A major aspect of not having warden secrets is the fact that we can prepare our characters better than if we were coming in blind. We can do this because we know what possible random encounters could pop up, and we know the general shape of the world and our plan for each module. This could lead to problem-solving being less interesting, but in our experience, it makes our criteria for problem-solving more specific, which actually leads us to create more chaotic solutions. Quite often, having a rough structure leads to more creativity than starting with a blank slate, writers know this (poetry forms, three act structure, five paragraph essay, five section dissertations/journal articles, etc.).
With our rough structure for problem-solving in place (having maps, knowing major npcs, knowing creatures and their stats) allows us to play a very improvisational game that seeks to create chaos and leave physical and emotional carnage in our wake.
Since we don’t want to just play railroaded encounters, we do not pre-roll any encounters or pickups. We know what possible random encounters could show up, but we don’t know which encounter (if any) will emerge. At a normal table, this could bog things down, yet for our game it adds the texture to the game because we think of warden activities explicitly as gameplay. This means that even if we think we have a plan that we’ve generated for the module, things can go off the rails and never end up the way that we planned. I personally improvise best when I have a detailed plan that I then throw away based on the situation: I am a teacher, and this is always what works best for me there too.
Player Facing Rolls
Deciding what rolls to make becomes a collaborative process this way. Whoever is taking a turn for a player or NPC pitches an idea and whether it requires roll, and if it does, what type of check. This can include advantage or disadvantage. We debate these until we decide on something that seems reasonable to the both of us. This can be a very difficult style of gameplay if you do not yet know how to have creative conflict with your fellow player-wardens. I’m playing with my girlfriend who I ran a streaming show with for over a year, so we already know how to have and resolve conflict in a productive manner.

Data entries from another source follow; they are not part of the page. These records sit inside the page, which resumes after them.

(* Let $\rho$ be a compatible objective functional for the uncertainty triplet $(\mathcal G,\mathcal Z,\pi)$ and $X\in\mathcal Z$. (i) Suppose $(\mathcal Z,\pi)=(L^\infty_n,\pi^\infty_n)$. If $\mathcal G_X(\rho)$ contains a continuous function $g:\mathbb R^n\to\mathbb R$ and $\rho$ is $\pi^\infty_1$-continuous, then $\rho$ is robust at $X$ relative to $(\mathcal G,\mathcal Z,\pi)$. (ii) Suppose $(\mathcal Z,\pi)=(L^q_n,\pi^q_n)$, $q\in[1,\infty)$. If $\mathcal G_X(\rho)$ contains a continuous and linearly growing function $g:\mathbb R^n\to\mathbb R$ and $\rho$ is $\pi^q_1$-continuous, then $\rho$ is robust at $X$ relative to $(\mathcal G,\mathcal Z,\pi)$. (iii) Suppose $(\mathcal Z,\pi)=(L^0_n,\pi^W_n)$. If $\mathcal G_X(\rho)$ contains a continuous function $g:\mathbb R^n\to\mathbb R$ and $\rho$ is $\pi^W_1$-continuous, then $\rho$ is robust at $X$ relative to $(\mathcal G,\mathcal Z,\pi)$.
   Context: Work on an atomless probability space; $L^q_n=(L^q)^n$ etc. For $n$-dimensional random vectors: $\pi^\infty_n(Y,Z)=\mathrm{ess\text{-}sup}|Y-Z|$; $\pi^q_n(Y,Z)=(\mathbb E|Y-Z|^q)^{1/q}$; $\pi^W_n(Y,Z)$ is the Prokhorov distance between the laws of $Y$ and $Z$ ($|\cdot|$ Euclidean norm). A function $g:\mathbb R^n\to\mathbb R$ is linearly growing if for some $C>0$, $|g(y)|\le C|y|$ for all $|y|>1$. $\mathcal G_n$ is the set of measurable functions $\mathbb R^n\to\mathbb R$. An uncertainty triplet $(\mathcal G,\mathcal Z,\pi)$ consists of $\mathcal G\subset\mathcal G_n$ and a pseudo-metric space $(\mathcal Z,\pi)$ of $n$-random vectors. An objective functional $\rho$ is compatible if it maps $\{g(Z):Z\in\mathcal Z,g\in\mathcal G\}$ to $\mathbb R\cup\{+\infty\}$ and $\rho(g(Y))=\rho(g(Z))$ whenever $g\in\mathcal G$ and $\pi(Y,Z)=0$. $\mathcal G_X(\rho)=\{g\in\mathcal G:\rho(g(X))=\inf_{h\in\mathcal G}\rho(h(X))\}$. $\rho$ is robust at $X$ relative to $(\mathcal G,\mathcal Z,\pi)$ if some $g_X\in\mathcal G_X(\rho)$ makes $\mathcal Z\ni Y\mapsto\rho(g_X(Y))$ $\pi$-continuous at $Y=X$. *)

theory Defs
  imports "HOL-Probability.Probability"
begin

definition atomless :: "'w measure \<Rightarrow> bool" where
  "atomless M \<longleftrightarrow> (\<forall>A\<in>sets M. measure M A > 0 \<longrightarrow>
      (\<exists>B\<in>sets M. B \<subseteq> A \<and> 0 < measure M B \<and> measure M B < measure M A))"

definition Linf :: "'w measure \<Rightarrow> ('w \<Rightarrow> real^'n) set" where
  "Linf M = {Y \<in> borel_measurable M. \<exists>C. AE w in M. norm (Y w) \<le> C}"

definition Lq :: "'w measure \<Rightarrow> real \<Rightarrow> ('w \<Rightarrow> real^'n) set" where
  "Lq M q = {Y \<in> borel_measurable M. integrable M (\<lambda>w. norm (Y w) powr q)}"

definition L0 :: "'w measure \<Rightarrow> ('w \<Rightarrow> real^'n) set" where
  "L0 M = borel_measurable M"

(* Distances; extended-real valued so that they also make sense (possibly = \<infinity>)
   outside the respective spaces *)
definition pi_inf :: "'w measure \<Rightarrow> ('w \<Rightarrow> real^'n) \<Rightarrow> ('w \<Rightarrow> real^'n) \<Rightarrow> ereal" where
  "pi_inf M Y Z = esssup M (\<lambda>w. ereal (norm (Y w - Z w)))"

definition pi_q :: "'w measure \<Rightarrow> real \<Rightarrow> ('w \<Rightarrow> real^'n) \<Rightarrow> ('w \<Rightarrow> real^'n) \<Rightarrow> ereal" where
  "pi_q M q Y Z =
     (if integrable M (\<lambda>w. norm (Y w - Z w) powr q)
      then ereal ((\<integral>w. norm (Y w - Z w) powr q \<partial>M) powr (1 / q)) else \<infinity>)"

definition eps_nbhd :: "real \<Rightarrow> ('a::metric_space) set \<Rightarrow> 'a set" where
  "eps_nbhd e A = {x. \<exists>a\<in>A. dist x a < e}"

definition prokhorov :: "('a::metric_space) measure \<Rightarrow> 'a measure \<Rightarrow> ereal" where
  "prokhorov \<mu> \<nu> = Inf {ereal e | e. e > 0 \<and>
      (\<forall>A\<in>sets borel. measure \<mu> A \<le> measure \<nu> (eps_nbhd e A) + e \<and>
                       measure \<nu> A \<le> measure \<mu> (eps_nbhd e A) + e)}"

Finally, this leads to the fact that we now have to operate using the suggested house rule of opt-in stress where players determine if gaining stress or rolling for panic are warranted. There are a few mechanical situations where this is automatic: gain stress on a failed roll, panic the first time seeing a creature, panic on critical failures, the effects of drugs, etc. Panic in other situations follows the same process as developing rolls, it’s someone calling out that something deserves a gain of stress or a panic check and then cooperatively deciding if it seems reasonable.

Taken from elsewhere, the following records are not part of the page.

(* Consider BPSK transmission of a binary linear code over an AWGN channel with noise variance $\sigma^2$ (which determines the SNR), ML decoding with error event $E$, and a family of regions $\{\mathcal{R}(r), r\in\mathcal{I}\}$ satisfying assumptions A1–A3 of the context, with pdf $g$ of $R$ and a non-trivial conditional bound $f_u$ (i.e. $f_u(r)\le1$ for some $r$). Let $f_u(r)$ be a non-decreasing and continuous function of $r$. If $f_u$ does not depend on the SNR, then the optimal parameter $r_1$ minimizing over $r^*$ the bound $\int_{-\infty}^{r^*} f_u(r)g(r)\,{\rm d}r+\int_{r^*}^{+\infty}g(r)\,{\rm d}r$ does not depend on the SNR either.
   Context: System model: codeword bits $c_t$ of a binary linear code of length $n$ are mapped to $s_t=1-2c_t$; $\underline y=\underline s+\underline z$ with $\underline z$ i.i.d. $\mathcal{N}(0,\sigma^2)$; ML (nearest signal) decoding; the all-zero codeword's image $\underline s^{(0)}$ is transmitted; $E$ is the error event. Assumptions: (A1) regions nested ($\mathcal{R}(r_1)\subset\mathcal{R}(r_2)$ for $r_1<r_2$), with pairwise disjoint boundaries whose union over $r\in\mathcal{I}$ is $\mathbb{R}^n$. (A2) $R:\underline y\mapsto r$ for $\underline y\in\partial\mathcal{R}(r)$ has pdf $g(r)$ (set $g\equiv0$ outside $\mathcal{I}$). (A3) ${\rm Pr}\{E\mid\underline y\in\partial\mathcal{R}(r)\}\le f_u(r)$. *)

theory Defs
  imports "HOL-Analysis.Analysis"
begin

definition is_pdf :: "(real \<Rightarrow> real) \<Rightarrow> bool" where
  "is_pdf g \<longleftrightarrow> g \<in> borel_measurable borel \<and> (\<forall>r. 0 \<le> g r)
     \<and> (\<integral>\<^sup>+ r. ennreal (g r) \<partial>lborel) = 1"

text \<open>The bound  int_{-inf}^{t} f(r) g(r) dr + int_{t}^{+inf} g(r) dr,  as a
  nonnegative (possibly infinite) integral; the threshold t ranges over the
  extended reals, so that t = +inf / -inf are the limiting choices.\<close>
definition ub_bound :: "(real \<Rightarrow> real) \<Rightarrow> (real \<Rightarrow> real) \<Rightarrow> ereal \<Rightarrow> ennreal" where
  "ub_bound f g t =
     (\<integral>\<^sup>+ r. ennreal (f r * g r) * indicator {r. ereal r \<le> t} r \<partial>lborel)
   + (\<integral>\<^sup>+ r. ennreal (g r) * indicator {r. t < ereal r} r \<partial>lborel)"

end

theory Submission
  imports Defs
begin

text \<open>For every threshold t the integrand of the bound at r is either f r g r or g r, so it is
  pointwise at least min (f r) 1 \<cdot> g r. A threshold r1 separating the region where f \<le> 1 from the
  region where f \<ge> 1 attains this minimum for every r at once, and it is determined by f alone
  (it exists since f is monotone and continuous); hence it is optimal for every density g,
  in particular for the density at every SNR.\<close>

lemma ub_bound_eq_nn_integral:
  fixes f g :: "real \<Rightarrow> real"
  assumes "f \<in> borel_measurable borel" "g \<in> borel_measurable borel"
  shows "ub_bound f g t = (\<integral>\<^sup>+ r. ennreal (f r * g r) * indicator {r. ereal r \<le> t} r
            + ennreal (g r) * indicator {r. t < ereal r} r \<partial>lborel)"
  unfolding ub_bound_def
  by (rule nn_integral_add[symmetric]) (use assms in measurable)

lemma ub_bound_le_at_level_crossing:
  fixes f g :: "real \<Rightarrow> real"
  assumes "f \<in> borel_measurable borel" "g \<in> borel_measurable borel"
    and g_nonneg: "\<And>r. 0 \<le> g r"
    and below: "\<And>r. ereal r \<le> r1 \<Longrightarrow> f r \<le> 1"
    and above: "\<And>r. r1 < ereal r \<Longrightarrow> 1 \<le> f r"
  shows "ub_bound f g r1 \<le> ub_bound f g t"
  unfolding ub_bound_eq_nn_integral[OF assms(1,2)]
proof (rule nn_integral_mono)
  fix r
  have "f r * g r \<le> g r" if "ereal r \<le> r1"
    using mult_right_mono[OF below[OF that] g_nonneg[of r]] by simp
  moreover have "g r \<le> f r * g r" if "r1 < ereal r"
    using mult_right_mono[OF above[OF that] g_nonneg[of r]] by simp
  ultimately show "ennreal (f r * g r) * indicator {r. ereal r \<le> r1} r
        + ennreal (g r) * indicator {r. r1 < ereal r} r
      \<le> ennreal (f r * g r) * indicator {r. ereal r \<le> t} r
        + ennreal (g r) * indicator {r. t < ereal r} r"
    by (cases "ereal r \<le> r1"; cases "ereal r \<le> t") (auto simp: indicator_def not_le ennreal_leI)
qed

lemma mono_continuous_level_crossing:
  fixes f :: "real \<Rightarrow> real" and c :: real
  assumes "mono f" "continuous_on UNIV f" "\<exists>r. f r \<le> c"
  obtains r1 :: ereal where "\<And>r. ereal r \<le> r1 \<Longrightarrow> f r \<le> c"
    and "\<And>r. r1 < ereal r \<Longrightarrow> c \<le> f r"
proof (cases "bdd_above {r. f r \<le> c}")
  case True
  let ?S = "{r. f r \<le> c}"
  have "?S \<noteq> {}" "closed ?S"
    using assms(3) closed_Collect_le[OF assms(2) continuous_on_const] by auto
  then have "Sup ?S \<in> ?S"
    using closed_contains_Sup[OF _ True] by blast
  show ?thesis
  proof (rule that[of "ereal (Sup ?S)"])
    fix r assume "ereal r \<le> ereal (Sup ?S)"
    then show "f r \<le> c"
      using \<open>Sup ?S \<in> ?S\<close> monoD[OF assms(1), of r "Sup ?S"] by simp
  next
    fix r assume "ereal (Sup ?S) < ereal r"
    then have "r \<notin> ?S" using cSup_upper[OF _ True, of r] by force
    then show "c \<le> f r" by simp
  qed
next
  case False
  show ?thesis
  proof (rule that[of \<infinity>])
    fix r
    obtain s where "f s \<le> c" "r < s"
      using False unfolding bdd_above_def by (meson mem_Collect_eq not_le)
    then show "f r \<le> c" using monoD[OF assms(1), of r s] by simp
  qed simp
qed

theorem corollary1:
  fixes f :: "real \<Rightarrow> real"
    and g :: "real \<Rightarrow> real \<Rightarrow> real"
  assumes pdf: "\<And>\<sigma>. \<sigma> > 0 \<Longrightarrow> is_pdf (g \<sigma>)"
    and f_nonneg: "\<And>r. 0 \<le> f r"
    and f_mono: "mono f"
    and f_cont: "continuous_on UNIV f"
    and nontrivial: "\<exists>r. f r \<le> 1"
  shows "\<exists>r1 :: ereal. \<forall>\<sigma> > 0. \<forall>t. ub_bound f (g \<sigma>) r1 \<le> ub_bound f (g \<sigma>) t"
proof -
  obtain r1 :: ereal where below: "\<And>r. ereal r \<le> r1 \<Longrightarrow> f r \<le> 1"
    and above: "\<And>r. r1 < ereal r \<Longrightarrow> 1 \<le> f r"
    using mono_continuous_level_crossing[OF f_mono f_cont nontrivial] by blast
  have f_meas: "f \<in> borel_measurable borel"
    using f_cont by (simp add: borel_measurable_continuous_onI)
  show ?thesis
  proof (intro exI allI impI)
    fix \<sigma> :: real and t assume "\<sigma> > 0"
    with pdf have "g \<sigma> \<in> borel_measurable borel" "\<And>r. 0 \<le> g \<sigma> r"
      by (auto simp: is_pdf_def)
    then show "ub_bound f (g \<sigma>) r1 \<le> ub_bound f (g \<sigma>) t"
      using ub_bound_le_at_level_crossing[OF f_meas _ _ below above] by blast
  qed
qed

end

In conclusion, this leads to a different style of gameplay than is normally suggested for Mothership. We do end up calling rolls as players, but not in the way that you would in a dnd game. In a dnd game, the reasoning behind rolls is deductive: I am going to use this pre-existing idea on the world and the outcome is determined by a dice roll. Instead, we think of actions using our character sheets as a guide/structure for problem-solving, and then we use inductive reasoning to decide on the rolls. We might have some ideas when we develop our action, but the exact structure and reasoning of rolls gets argued cooperatively. Sometimes this can be easy agreement, and sometimes this can lead to five minutes of discussion about whether an underwater airlock is automated or requires turning a large valve with a strength check.
This structure of inductive debate is what gives our cooperative game its heart and unpredictability even though it seems like we should be extremely railroaded if we already know all the secrets. What comes out on the table is the synthesis of both of our ideas, and this creative urge is why we consider gameplay a form of performance art even when it involves no acting out of characters or npcs.